But on a hot Saturday afternoon in early April, a different kind of crowd filled the town’s sunny streets. The farm-labor advocacy group Coalition of Immokalee Workers, representing tomato pickers, had convened several hundred farmworkers and activists for a march. Holding red tomato-shaped signs that said “Respeto” and “Dignidad,” they made their way past the opulent boutiques and hulking resorts, chanting, “Get up, get down, fair food has come to town.” The pickers normally toil two hours inland from Palm Beach, in fields that produce two-thirds of the country’s winter tomatoes. On this day, they had traveled to the coast to target one of the island’s reigning masters of the universe: billionaire Nelson Peltz. 

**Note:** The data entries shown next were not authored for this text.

(* Let $L$ be a finite-dimensional Lie algebra over a field $F$. 1. $L$ is primitive if and only if there exists a subalgebra $M$ of $L$ such that $L = M + A$ for every minimal ideal $A$ of $L$. 2. Let $L$ be primitive, let $U$ be a core-free maximal subalgebra of $L$ and let $A$ be a non-trivial ideal of $L$. Put $C = C_L(A)$. Then $C \cap U = 0$, and either $C = 0$ or $C$ is a minimal ideal of $L$. 3. If $L$ is primitive and $U$ is a core-free maximal subalgebra of $L$, then exactly one of the following holds: (a) $\mathrm{Soc}(L) = A$ is a self-centralising abelian minimal ideal of $L$ which is complemented by $U$, i.e. $L = U \dot{+} A$ (vector space direct sum); (b) $\mathrm{Soc}(L) = A$ is a non-abelian minimal ideal of $L$ which is supplemented by $U$, i.e. $L = U + A$, and in this case $C_L(A) = 0$; (c) $\mathrm{Soc}(L) = A \oplus B$, where $A$ and $B$ are the only two minimal ideals of $L$ and both are complemented by $U$, i.e. $L = A \dot{+} U = B \dot{+} U$; in this case $A = C_L(B)$, $B = C_L(A)$, and $A$, $B$ and $(A+B)\cap U$ are pairwise isomorphic non-abelian Lie algebras.
   Context: All Lie algebras are finite-dimensional over a field $F$. For a subalgebra $U$ of $L$, the core $U_L$ is the largest ideal of $L$ contained in $U$; $U$ is core-free if $U_L = 0$. $L$ is called primitive if it has a core-free maximal subalgebra. $C_L(U) = \{x \in L : [x,U] = 0\}$. $\mathrm{Soc}(L)$ is the sum of all minimal ideals of $L$. An ideal $A$ is self-centralising if $C_L(A) = A$.
   Formalization: In part 1 the subalgebra M must also be core-free (so $M_L = 0$), and L is assumed nonzero throughout. Apart from conventions, each condition added here is assumed in the paper as well or is needed for the statement above to hold. *)

theory Defs
  imports Complex_Main
begin

text \<open>A Lie algebra L over a field F is modelled as the whole type 'v (carrier UNIV),
  with scalar multiplication sc :: 'f \<Rightarrow> 'v \<Rightarrow> 'v and Lie bracket br.\<close>

definition lie_algebra :: "('f::field \<Rightarrow> 'v::ab_group_add \<Rightarrow> 'v) \<Rightarrow> ('v \<Rightarrow> 'v \<Rightarrow> 'v) \<Rightarrow> bool" where
  "lie_algebra sc br \<longleftrightarrow> vector_space sc \<and>
     (\<forall>x y z. br (x + y) z = br x z + br y z) \<and>
     (\<forall>x y z. br x (y + z) = br x y + br x z) \<and>
     (\<forall>c x y. br (sc c x) y = sc c (br x y)) \<and>
     (\<forall>c x y. br x (sc c y) = sc c (br x y)) \<and>
     (\<forall>x. br x x = 0) \<and>
     (\<forall>x y z. br x (br y z) + br y (br z x) + br z (br x y) = 0)"

definition fin_dim :: "('f::field \<Rightarrow> 'v::ab_group_add \<Rightarrow> 'v) \<Rightarrow> bool" where
  "fin_dim sc \<longleftrightarrow> (\<exists>B. finite B \<and> module.span sc B = UNIV)"

definition ssum :: "'v::ab_group_add set \<Rightarrow> 'v set \<Rightarrow> 'v set" where
  "ssum X Y = {x + y | x y. x \<in> X \<and> y \<in> Y}"

definition subalgebra :: "('f::field \<Rightarrow> 'v::ab_group_add \<Rightarrow> 'v) \<Rightarrow> ('v \<Rightarrow> 'v \<Rightarrow> 'v) \<Rightarrow> 'v set \<Rightarrow> bool" where
  "subalgebra sc br U \<longleftrightarrow> module.subspace sc U \<and> (\<forall>x\<in>U. \<forall>y\<in>U. br x y \<in> U)"

definition lie_ideal :: "('f::field \<Rightarrow> 'v::ab_group_add \<Rightarrow> 'v) \<Rightarrow> ('v \<Rightarrow> 'v \<Rightarrow> 'v) \<Rightarrow> 'v set \<Rightarrow> bool" where
  "lie_ideal sc br I \<longleftrightarrow> module.subspace sc I \<and> (\<forall>x. \<forall>y\<in>I. br x y \<in> I)"

definition maximal_subalgebra :: "('f::field \<Rightarrow> 'v::ab_group_add \<Rightarrow> 'v) \<Rightarrow> ('v \<Rightarrow> 'v \<Rightarrow> 'v) \<Rightarrow> 'v set \<Rightarrow> bool" where
  "maximal_subalgebra sc br M \<longleftrightarrow> subalgebra sc br M \<and> M \<noteq> UNIV \<and>
     (\<forall>K. subalgebra sc br K \<and> M \<subseteq> K \<longrightarrow> K = M \<or> K = UNIV)"

definition minimal_ideal :: "('f::field \<Rightarrow> 'v::ab_group_add \<Rightarrow> 'v) \<Rightarrow> ('v \<Rightarrow> 'v \<Rightarrow> 'v) \<Rightarrow> 'v set \<Rightarrow> bool" where
  "minimal_ideal sc br A \<longleftrightarrow> lie_ideal sc br A \<and> A \<noteq> {0} \<and>
     (\<forall>B. lie_ideal sc br B \<and> B \<subseteq> A \<longrightarrow> B = {0} \<or> B = A)"

definition core :: "('f::field \<Rightarrow> 'v::ab_group_add \<Rightarrow> 'v) \<Rightarrow> ('v \<Rightarrow> 'v \<Rightarrow> 'v) \<Rightarrow> 'v set \<Rightarrow> 'v set" where
  "core sc br U = module.span sc (\<Union>{I. lie_ideal sc br I \<and> I \<subseteq> U})"

definition core_free :: "('f::field \<Rightarrow> 'v::ab_group_add \<Rightarrow> 'v) \<Rightarrow> ('v \<Rightarrow> 'v \<Rightarrow> 'v) \<Rightarrow> 'v set \<Rightarrow> bool" where
  "core_free sc br U \<longleftrightarrow> core sc br U = {0}"

definition primitive :: "('f::field \<Rightarrow> 'v::ab_group_add \<Rightarrow> 'v) \<Rightarrow> ('v \<Rightarrow> 'v \<Rightarrow> 'v) \<Rightarrow> bool" where
  "primitive sc br \<longleftrightarrow> (\<exists>U. maximal_subalgebra sc br U \<and> core_free sc br U)"

definition centraliser :: "('v::zero \<Rightarrow> 'v \<Rightarrow> 'v) \<Rightarrow> 'v set \<Rightarrow> 'v set" where
  "centraliser br U = {x. \<forall>u\<in>U. br x u = 0}"

definition socle :: "('f::field \<Rightarrow> 'v::ab_group_add \<Rightarrow> 'v) \<Rightarrow> ('v \<Rightarrow> 'v \<Rightarrow> 'v) \<Rightarrow> 'v set" where
  "socle sc br = module.span sc (\<Union>{A. minimal_ideal sc br A})"

definition abelian_set :: "('v::zero \<Rightarrow> 'v \<Rightarrow> 'v) \<Rightarrow> 'v set \<Rightarrow> bool" where
  "abelian_set br X \<longleftrightarrow> (\<forall>x\<in>X. \<forall>y\<in>X. br x y = 0)"

definition lie_iso_sets :: "('f::field \<Rightarrow> 'v::ab_group_add \<Rightarrow> 'v) \<Rightarrow> ('v \<Rightarrow> 'v \<Rightarrow> 'v) \<Rightarrow> 'v set \<Rightarrow> 'v set \<Rightarrow> bool" where
  "lie_iso_sets sc br X Y \<longleftrightarrow> (\<exists>f. bij_betw f X Y \<and>
     (\<forall>x\<in>X. \<forall>y\<in>X. f (x + y) = f x + f y \<and> f (br x y) = br (f x) (f y)) \<and>
     (\<forall>c. \<forall>x\<in>X. f (sc c x) = sc c (f x)))"

end

theory Submission
  imports Defs
begin

text \<open>
  Let \<open>U\<close> be a core-free maximal subalgebra. For every non-zero ideal \<open>A\<close>, \<open>U + A\<close> is a
  subalgebra that is not \<open>U\<close>, hence \<open>U + A = L\<close>. Since \<open>A\<close> centralises \<open>C = C\<^sub>L(A)\<close>, the
  subspace \<open>C \<inter> U\<close> is normalised by \<open>U + A = L\<close>, so it is an ideal inside \<open>U\<close> and vanishes.
  The modular law then shows that every non-zero ideal \<open>B \<subseteq> C\<close> (which satisfies
  \<open>U + B = L\<close>) contains \<open>C\<close>, so \<open>C\<close> is zero or minimal. Two distinct minimal ideals
  commute, so all minimal ideals other than a fixed one \<open>A\<close> lie in \<open>C\<^sub>L(A)\<close>; this gives the
  three cases \<open>C\<^sub>L(A) = A\<close> (\<open>A\<close> abelian), \<open>C\<^sub>L(A) = 0\<close>, and \<open>C\<^sub>L(A) = B\<close> a second minimal
  ideal with \<open>C\<^sub>L(B) = A\<close>. In the last case the projections of \<open>(A + B) \<inter> U\<close> onto \<open>A\<close> along
  \<open>B\<close> and onto \<open>B\<close> along \<open>A\<close> are isomorphisms, because \<open>A\<close> and \<open>B\<close> are complemented by \<open>U\<close>
  and \<open>[A, B] = 0\<close>.
\<close>

lemma ssum_commute: "ssum A B = ssum B A"
  unfolding ssum_def using add.commute by blast

lemma ssum_mem: "x \<in> A \<Longrightarrow> y \<in> B \<Longrightarrow> x + y \<in> ssum A B"
  unfolding ssum_def by blast

lemma ssumE: "z \<in> ssum A B \<Longrightarrow> (\<And>x y. z = x + y \<Longrightarrow> x \<in> A \<Longrightarrow> y \<in> B \<Longrightarrow> P) \<Longrightarrow> P"
  unfolding ssum_def by blast

lemma ssum_UNIV_E:
  "ssum A B = UNIV \<Longrightarrow> (\<And>x y. z = x + y \<Longrightarrow> x \<in> A \<Longrightarrow> y \<in> B \<Longrightarrow> P) \<Longrightarrow> P"
  using ssumE[of z A B P] by simp

locale finite_dimensional_lie_algebra =
  fixes sc :: "'f::field \<Rightarrow> 'v::ab_group_add \<Rightarrow> 'v"
    and br :: "'v \<Rightarrow> 'v \<Rightarrow> 'v"
  assumes lie: "lie_algebra sc br"
    and fin_dim: "fin_dim sc"
begin

sublocale vector_space sc
  using lie by (simp add: lie_algebra_def)

lemma bracket_add_left: "br (x + y) z = br x z + br y z"
  using lie by (simp add: lie_algebra_def)

lemma bracket_add_right: "br x (y + z) = br x y + br x z"
  using lie by (simp add: lie_algebra_def)

lemma bracket_scale_left: "br (sc c x) y = sc c (br x y)"
  using lie by (simp add: lie_algebra_def)

lemma bracket_self: "br x x = 0"
  using lie by (simp add: lie_algebra_def)

lemma jacobi: "br x (br y z) + br y (br z x) + br z (br x y) = 0"
  using lie by (simp add: lie_algebra_def)

lemma bracket_zero_left [simp]: "br 0 y = 0"
  using bracket_add_left[of 0 0 y] by simp

lemma bracket_zero_right [simp]: "br y 0 = 0"
  using bracket_add_right[of y 0 0] by simp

If you’ve heard of Peltz, it’s likely because he made tabloid headlines recently for the wedding of his daughter Nicola to Brooklyn Beckham, son of soccer legend David Beckham and Victoria “Posh Spice” Beckham, at Peltz’s $94.9 million Palm Beach mansion. Peltz, a Trump supporter worth $1.6 billion, has drawn the ire of the CIW because he chairs the board of Wendy’s; the hedge fund he co-founded, Trian Partners, holds an 11.5 percent stake in the square-burger giant. (Several past and current Trian execs also serve on Wendy’s 11-person board, including Peltz’s son, Matthew.)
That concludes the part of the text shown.